Aim of the task: From the records below, set down exactly the lines starting with the line that contains "locale cond_symmetric_seq = prob_space M" and going on through the line that contains "(rule borel_measurable_continuous_onI[OF cont])". Nothing else is wanted.

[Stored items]
lemma azuma_KD:
  fixes M :: "'w measure" and f :: "nat \<Rightarrow> 'w \<Rightarrow> 'x::{banach,second_countable_topology}"
  assumes K: "azuma_K TYPE('w) TYPE('x) p K"
    and "prob_space M" "filtration_on M F" "martingale_on M F f"
    and "\<And>j. 1 \<le> j \<Longrightarrow> w j \<in> borel_measurable (F (j - 1))"
    and "\<And>j \<omega>. 1 \<le> j \<Longrightarrow> \<omega> \<in> space M \<Longrightarrow> 0 \<le> w j \<omega>"
    and "\<And>j. 1 \<le> j \<Longrightarrow> AE \<omega> in M. norm (mdiff f j \<omega>) \<le> w j \<omega>"
    and r: "0 < r"
  shows "measure M {\<omega>\<in>space M. ennreal r \<le> mstar f \<omega>}
      \<le> azuma_bound p K (esssup M (\<lambda>\<omega>. \<Sum>j. ennreal (w (Suc j) \<omega> powr p))) r"
proof -
  have "prob_space M \<and> filtration_on M F \<and> martingale_on M F f \<and>
      (\<forall>j\<ge>1. w j \<in> borel_measurable (F (j - 1)) \<and> (\<forall>\<omega>\<in>space M. w j \<omega> \<ge> 0)) \<and>
      (\<forall>j\<ge>1. AE \<omega> in M. norm (mdiff f j \<omega>) \<le> w j \<omega>)"
    using assms(2-7) by auto
  from azuma_K_def[THEN iffD1, OF K, THEN conjunct2, rule_format, OF this r] show ?thesis .
qed

section \<open>Conditionally symmetric sequences\<close>

locale cond_symmetric_seq = prob_space M
  for M :: "'w measure" and f :: "nat \<Rightarrow> 'w \<Rightarrow> 'x::{banach,second_countable_topology}" +
  assumes cond_symmetric: "cond_symmetric M f"
    and borel_measurable_f[measurable]: "\<And>j. f j \<in> borel_measurable M"
begin

definition diffs :: "'w \<Rightarrow> nat \<Rightarrow> 'x" where
  "diffs \<omega> = (\<lambda>i. mdiff f i \<omega>)"

lemma borel_measurable_mdiff[measurable]: "mdiff f j \<in> borel_measurable M"
  unfolding mdiff_def[abs_def] by measurable

lemma borel_measurable_diffs[measurable]: "diffs \<in> borel_measurable M"
  unfolding diffs_def by (rule measurable_coordinatewise_then_product) simp

lemma borel_measurable_flip_diffs[measurable]:
  "(\<lambda>\<omega>. (diffs \<omega>)(j := - diffs \<omega> j)) \<in> borel_measurable M"
proof (rule measurable_coordinatewise_then_product)
  show "(\<lambda>\<omega>. ((diffs \<omega>)(j := - diffs \<omega> j)) i) \<in> borel_measurable M" for i
    by (cases "i = j") (simp_all add: diffs_def)
qed

lemma distr_seq_prefix_flip:
  assumes j: "1 \<le> j"
  shows "distr M borel (\<lambda>\<omega>. seq_prefix j (diffs \<omega>)) =
         distr M borel (\<lambda>\<omega>. seq_prefix j ((diffs \<omega>)(j := - diffs \<omega> j)))"
proof (rule finite_borel_measure_eqI_continuous)
  fix \<phi> :: "(nat \<Rightarrow> 'x) \<Rightarrow> real"
  assume cont: "continuous_on UNIV \<phi>" and rng: "\<And>x. 0 \<le> \<phi> x \<and> \<phi> x \<le> 1"
  have [measurable]: "\<phi> \<in> borel_measurable borel" by (rule borel_measurable_continuous_onI[OF cont])
  have "continuous_on UNIV (\<lambda>x. \<phi> (seq_prefix j x))"
    by (rule continuous_on_compose2[OF cont continuous_on_seq_prefix]) auto
  moreover have "bounded (range (\<lambda>x. \<phi> (seq_prefix j x)))"
    unfolding bounded_iff using rng by (intro exI[of _ 1]) auto
  moreover have "\<forall>x y. (\<forall>i\<in>{1..j}. x i = y i) \<longrightarrow> \<phi> (seq_prefix j x) = \<phi> (seq_prefix j y)"
    by (metis atLeastAtMost_iff seq_prefix_eqI)
  ultimately have "(\<integral>\<omega>. \<phi> (seq_prefix j (diffs \<omega>)) \<partial>M) =
      (\<integral>\<omega>. \<phi> (seq_prefix j ((diffs \<omega>)(j := - diffs \<omega> j))) \<partial>M)"
    using cond_symmetric j unfolding cond_symmetric_def diffs_def by blast
  then show "integral\<^sup>L (distr M borel (\<lambda>\<omega>. seq_prefix j (diffs \<omega>))) \<phi> =
      integral\<^sup>L (distr M borel (\<lambda>\<omega>. seq_prefix j ((diffs \<omega>)(j := - diffs \<omega> j)))) \<phi>"
    by (simp add: integral_distr)
qed (simp_all add: finite_measure_distr)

Written response:
locale cond_symmetric_seq = prob_space M
  for M :: "'w measure" and f :: "nat \<Rightarrow> 'w \<Rightarrow> 'x::{banach,second_countable_topology}" +
  assumes cond_symmetric: "cond_symmetric M f"
    and borel_measurable_f[measurable]: "\<And>j. f j \<in> borel_measurable M"
begin

definition diffs :: "'w \<Rightarrow> nat \<Rightarrow> 'x" where
  "diffs \<omega> = (\<lambda>i. mdiff f i \<omega>)"

lemma borel_measurable_mdiff[measurable]: "mdiff f j \<in> borel_measurable M"
  unfolding mdiff_def[abs_def] by measurable

lemma borel_measurable_diffs[measurable]: "diffs \<in> borel_measurable M"
  unfolding diffs_def by (rule measurable_coordinatewise_then_product) simp

lemma borel_measurable_flip_diffs[measurable]:
  "(\<lambda>\<omega>. (diffs \<omega>)(j := - diffs \<omega> j)) \<in> borel_measurable M"
proof (rule measurable_coordinatewise_then_product)
  show "(\<lambda>\<omega>. ((diffs \<omega>)(j := - diffs \<omega> j)) i) \<in> borel_measurable M" for i
    by (cases "i = j") (simp_all add: diffs_def)
qed

lemma distr_seq_prefix_flip:
  assumes j: "1 \<le> j"
  shows "distr M borel (\<lambda>\<omega>. seq_prefix j (diffs \<omega>)) =
         distr M borel (\<lambda>\<omega>. seq_prefix j ((diffs \<omega>)(j := - diffs \<omega> j)))"
proof (rule finite_borel_measure_eqI_continuous)
  fix \<phi> :: "(nat \<Rightarrow> 'x) \<Rightarrow> real"
  assume cont: "continuous_on UNIV \<phi>" and rng: "\<And>x. 0 \<le> \<phi> x \<and> \<phi> x \<le> 1"
  have [measurable]: "\<phi> \<in> borel_measurable borel" by (rule borel_measurable_continuous_onI[OF cont])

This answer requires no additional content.